Bangladesh Jails 2 Rohingya for Protesting Repatriation

Kamran Reza Chowdhury and Tushar Tohin
2018.01.24
Cox’s Bazar, Bangladesh
180124_BD_Rohingya_620.jpeg Refugees walk through Balukhali refugee camp in Ukhia, Bangladesh, Jan. 24, 2018.
Kamran Reza Chowdhury/BenarNews

Two Rohingya men have been jailed for seven days in Bangladesh for protesting government plans to repatriate thousands of their people to Myanmar, police said Wednesday.

Banners that appeared at refugee camps in southeastern Bangladesh listing conditions that Rohingya want to see in place before they agree to go home have also been removed.

“We have removed the banners because the Rohingya are not Bangladesh citizens. So, they do not have any right to demonstrate according to the law of the land,” Abul Khair, officer-in-charge of the Ukhia police station, told BenarNews.

He said a mobile court on Wednesday had jailed Balukhali refugee camp residents Abdur Rashid, 27, and Abdul Jabbar, 30, for one week for “spreading anti-repatriation rumors.” Another Rohingya man detained on similar charges was found innocent and released.

“They have been circulating among the common Rohingya that they should not return. They propagate that they would be killed or jailed if they returned,” Major Ruhul Amin, commander of the Rapid Action Battalion (RAB) in Cox’s Bazar district, told BenarNews.

On Friday and Monday, about 500 Rohingya refugees staged unprecedented at the Kutupalong and Balukhali refugee camps in the district to air concerns about their safety and other questions tied to repatriation plans.


No more protests planned

According to a bilateral deal inked in November 2017, Bangladesh was to send the first batch of refugees back to Myanmar this week, but officials admitted Monday that they were not ready and could not predict when the process would start.

International rights groups and the U.N. refugee agency (UNHCR) warned, meanwhile, that it was premature to begin repatriating some 688,000 refugees who fled Rakhine state in Myanmar since late August, amid a violent military crackdown against the persecuted Muslim minority.

“As of today, the necessary safeguards for potential returnees are absent, and there are continued restrictions on access for aid agencies, the media and other independent observers. At the same time, refugees from Rakhine State continue to arrive in Bangladesh,” UNHCR spokesperson Adrian Edwards said in a statement issued in Geneva on Tuesday.

No more repatriation protests were planned, residents of Balukhali camp who had participated in demonstrations there told BenarNews on Wednesday.

“Between Friday and Monday, we protested thrice at this site,” refugee Mohammad Zohar said.

Nurul Amin, 25, who was a teacher in Rakhine state before fleeing to Bangladesh, said he had written the demands in English on the protest banners that have since been removed.

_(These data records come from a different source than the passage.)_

lemma indep_exchange_spanned:
  assumes M: "matroid M" and C: "indep M C" and e: "e \<notin> C" "indep M {e}"
    and span: "rank M (insert e C) = rank M C"
  obtains x where "x \<in> C" "rank M (insert e (C - {x})) = rank M C"
proof -
  let ?spans = "\<lambda>B. B \<subseteq> C \<and> rank M (insert e B) = rank M B"
  \<comment> \<open>a smallest such \<open>C0\<close> makes \<open>insert e C0\<close> the fundamental circuit of \<open>e\<close> in \<open>C\<close>\<close>
  obtain C0 where C0: "?spans C0" and least: "\<And>B. ?spans B \<Longrightarrow> card C0 \<le> card B"
    using ex_has_least_nat[of ?spans C card] span by blast
  have fC: "finite C" using indep_finite[OF M C] .
  have fC0: "finite C0" using C0 finite_subset[OF _ fC] by blast
  have iC0: "indep M C0" using C0 indep_subset[OF M C] by blast
  have "C0 \<noteq> {}" using C0 rank_indep[OF M e(2)] rank_empty[OF M] by auto
  then obtain x where x: "x \<in> C0" by blast
  have xC: "x \<in> C" using x C0 by blast
  have "card (C0 - {x}) < card C0" using fC0 x by (rule card_Diff1_less)
  then have minimal: "rank M (insert e (C0 - {x})) \<noteq> rank M (C0 - {x})"
    using least[of "C0 - {x}"] C0 by auto
  have ranks: "rank M C = card C" "rank M C0 = card C0"
    "rank M (C - {x}) = card C - 1" "rank M (C0 - {x}) = card C0 - 1"
    using rank_indep[OF M] C iC0 indep_subset[OF M C, of "C - {x}"] indep_subset[OF M iC0, of "C0 - {x}"]
      x xC fC fC0 by auto
  have cards: "card C \<ge> 1" "card C0 \<ge> 1"
    using card_mono[OF fC, of "{x}"] card_mono[OF fC0, of "{x}"] xC x by auto
  have not_spanned: "rank M (insert e (C - {x})) \<noteq> rank M (C - {x})"
  proof
    assume spanned: "rank M (insert e (C - {x})) = rank M (C - {x})"
    have "insert e C0 \<union> insert e (C - {x}) = insert e C"
      "insert e C0 \<inter> insert e (C - {x}) = insert e (C0 - {x})"
      using x C0 e(1) by blast+
    then have "rank M (insert e C) + rank M (insert e (C0 - {x}))
        \<le> rank M (insert e C0) + rank M (insert e (C - {x}))"
      using rank_submodular[OF M, of "insert e C0" "insert e (C - {x})"] by simp
    moreover have "rank M (C0 - {x}) \<le> rank M (insert e (C0 - {x}))" by (rule rank_mono[OF M]) auto
    ultimately show False using minimal spanned span C0 ranks cards by linarith
  qed
  have "rank M (insert e (C - {x})) \<le> rank M (C - {x}) + 1" by (rule rank_insert_le[OF M])
  moreover have "rank M (C - {x}) \<le> rank M (insert e (C - {x}))" by (rule rank_mono[OF M]) auto
  ultimately show thesis using that xC not_spanned ranks cards by simp
qed
definition vec_mat :: "'a set \<Rightarrow> ('a \<Rightarrow> 'k::field) \<Rightarrow> ('a \<Rightarrow> 'a \<Rightarrow> 'k) \<Rightarrow> 'a \<Rightarrow> 'k" where
  "vec_mat X w M = (\<lambda>z. \<Sum>t\<in>X. w t * M t z)"

definition mtrans :: "('a \<Rightarrow> 'a \<Rightarrow> 'k) \<Rightarrow> 'a \<Rightarrow> 'a \<Rightarrow> 'k" where
  "mtrans M = (\<lambda>y z. M z y)"

lemma sum_vec_mat_mult: "(\<Sum>t\<in>X. vec_mat X w M t * u t) = (\<Sum>y\<in>X. w y * mat_vec X M u y)"
  unfolding vec_mat_def mat_vec_def
  by (simp add: sum_distrib_left sum_distrib_right mult.assoc)
    (rule sum.swap)

lemma mat_vec_mmult: "mat_vec X (mmult X A B) v y = mat_vec X A (mat_vec X B v) y"
  unfolding mat_vec_def mmult_def
  by (simp add: sum_distrib_left sum_distrib_right mult.assoc)
    (rule sum.swap)

lemma vec_mat_mmult: "vec_mat X w (mmult X A B) = vec_mat X (vec_mat X w A) B"
  unfolding vec_mat_def mmult_def
  by (rule ext, simp add: sum_distrib_left sum_distrib_right mult.assoc, rule sum.swap)

lemma mat_vec_lincomb:
  "mat_vec X (\<lambda>y z. \<Sum>i\<in>F. c i * B i y z) v y = (\<Sum>i\<in>F. c i * mat_vec X (B i) v y)"
  unfolding mat_vec_def
  by (simp add: sum_distrib_left sum_distrib_right mult.assoc)
    (rule sum.swap)

lemma vec_mat_add: "vec_mat X w (\<lambda>y z. A y z + B y z) = (\<lambda>z. vec_mat X w A z + vec_mat X w B z)"
  unfolding vec_mat_def by (simp add: distrib_left sum.distrib)

lemma vec_mat_smult: "vec_mat X w (\<lambda>y z. c * A y z) = (\<lambda>z. c * vec_mat X w A z)"
  unfolding vec_mat_def by (simp add: mult.left_commute[of _ c] sum_distrib_left)

lemma mat_vec_mtrans: "mat_vec X (mtrans M) w = vec_mat X w M"
  unfolding mat_vec_def vec_mat_def mtrans_def by (simp add: mult.commute)

lemma mtrans_mmult: "mtrans (mmult X A B) = mmult X (mtrans B) (mtrans A)"
  unfolding mtrans_def mmult_def by (simp add: mult.commute)

lemma mtrans_mone: "mtrans (mone X) = mone X"
  unfolding mtrans_def mone_def by (auto intro!: ext)

lemma mmult_mone_right: "finite X \<Longrightarrow> z \<in> X \<Longrightarrow> mmult X M (mone X) y z = M y z"
  unfolding mmult_def mone_def by (simp add: if_distrib[of "(*) _"] cong: conj_cong if_cong)

lemma mat_vec_mone: "finite X \<Longrightarrow> y \<in> X \<Longrightarrow> mat_vec X (mone X) v y = v y"
  unfolding mat_vec_def mone_def by (simp add: eq_commute[of y] if_distrib[of "\<lambda>a. a * _"] cong: if_cong)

“We, the Rohingya youths, talked to our seniors and staged the demonstration not to go back,” he told BenarNews. “If they grant us citizenship, we will go. We have no plan to stage further protests,” he said.

3 murders in 10 days

Elsewhere, the elite police unit RAB announced that its officers had arrested two Rohingya men who allegedly confessed to killing camp leader Mohammad Yousuf , 50, on Jan. 19 because he favored prompt repatriation.

“They warned Yousuf not to talk in favor of repatriation. Yousuf ignored the warning; so they killed him,” RAB commander Amin told BenarNews.

He said Rohingya refugees had been locked in internecine conflicts “over their interests at the camps.”

The killing was one of three that took place in Rohingya camps between Jan. 13 and 22.

“Many of our brothers have been fighting each other as a sequel to previous emnity in Arakan [Rakhine]. The people who were powerful in Rakhine are not powerful at camps. But their rivals are powerful at camps. So, they are fighting to take revenge,” Shahidul Islam, 55, a refugee living at Balukhali camp, told BenarNews.

In response to the violence, police have deployed 100 more officers in the area.

“From today, we have deployed 90 more police personnel under nine officers at three points around refugee camps in Ukhia. One officer-in-charge will supervise them,” additional police superintendent Afrozul Haque Tutul told BenarNews.

Rapid Action Battalion (RAB) personnel present Rohingya suspects Nur Mohammad, 30, and Ataur Rahman, 16, who allegedly confessed to killing a Rohingya camp leader because he supported refugee repatriation to Myanmar.
Rapid Action Battalion (RAB) personnel present Rohingya suspects Nur Mohammad, 30, and Ataur Rahman, 16, who allegedly confessed to killing a Rohingya camp leader because he supported refugee repatriation to Myanmar.